* _Work instruction_
Your answer should be each line of the entries that contains the word "auto", copied in full.

- - -

lemma objective_perturbation:
  fixes A Ah :: "'f::finite \<Rightarrow> nat \<Rightarrow> real"
  assumes w: "w \<in> box M C"
    and A_close: "\<And>f y. y \<in> {1..M} \<Longrightarrow> \<bar>Ah f y - A f y\<bar> \<le> a"
  shows "\<bar>objective Ah M w - objective A M w\<bar> \<le> real CARD('f) * real M * real M * (C + 1) * a"
proof -
  have term_le: "\<bar>(Ah f y - A f y) * real y * (w y + 1)\<bar> \<le> a * real M * (C + 1)"
    if y: "y \<in> {1..M}" for f y
  proof -
    have "0 \<le> w y" "w y \<le> C" using w y unfolding box_def by auto
    moreover have "0 \<le> a" using A_close[OF y] by (meson abs_ge_zero order_trans)
    ultimately show ?thesis
      using A_close[OF y] y by (simp add: abs_mult mult_mono)
  qed
  have "\<bar>objective Ah M w - objective A M w\<bar>
      = \<bar>\<Sum>f\<in>UNIV. \<Sum>y\<in>{1..M}. (Ah f y - A f y) * real y * (w y + 1)\<bar>"
    unfolding objective_def by (simp add: sum_subtractf[symmetric] algebra_simps)
  also have "\<dots> \<le> (\<Sum>f\<in>UNIV. \<Sum>y\<in>{1..M}. \<bar>(Ah f y - A f y) * real y * (w y + 1)\<bar>)"
    by (intro order_trans[OF sum_abs] sum_mono sum_abs)
  also have "\<dots> \<le> (\<Sum>f\<in>(UNIV::'f set). \<Sum>y\<in>{1..M}. a * real M * (C + 1))"
    using term_le by (intro sum_mono) auto
  finally show ?thesis by (simp add: algebra_simps)
qed

lemma zero_in_box: "0 \<le> C \<Longrightarrow> (\<lambda>_. 0) \<in> box M C"
  unfolding box_def by auto

lemma min_resid_nonneg: "0 \<le> C \<Longrightarrow> 0 \<le> min_resid A \<beta> M C"
  unfolding min_resid_def by (rule cINF_greatest) (auto simp: norm_inf_nonneg dest: zero_in_box)

lemma min_resid_le: "w \<in> box M C \<Longrightarrow> min_resid A \<beta> M C \<le> residual A \<beta> M w"
  unfolding min_resid_def by (rule cINF_lower) (auto intro!: bdd_belowI2[where m = 0] norm_inf_nonneg)

lemma expanded_set_subset_box: "expanded_set A \<beta> M C t \<subseteq> box M C"
  unfolding expanded_set_def by auto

- - -

* _Result of this exercise_
    have "0 \<le> w y" "w y \<le> C" using w y unfolding box_def by auto
    using term_le by (intro sum_mono) auto
  unfolding box_def by auto
  unfolding min_resid_def by (rule cINF_greatest) (auto simp: norm_inf_nonneg dest: zero_in_box)
  unfolding min_resid_def by (rule cINF_lower) (auto intro!: bdd_belowI2[where m = 0] norm_inf_nonneg)
  unfolding expanded_set_def by auto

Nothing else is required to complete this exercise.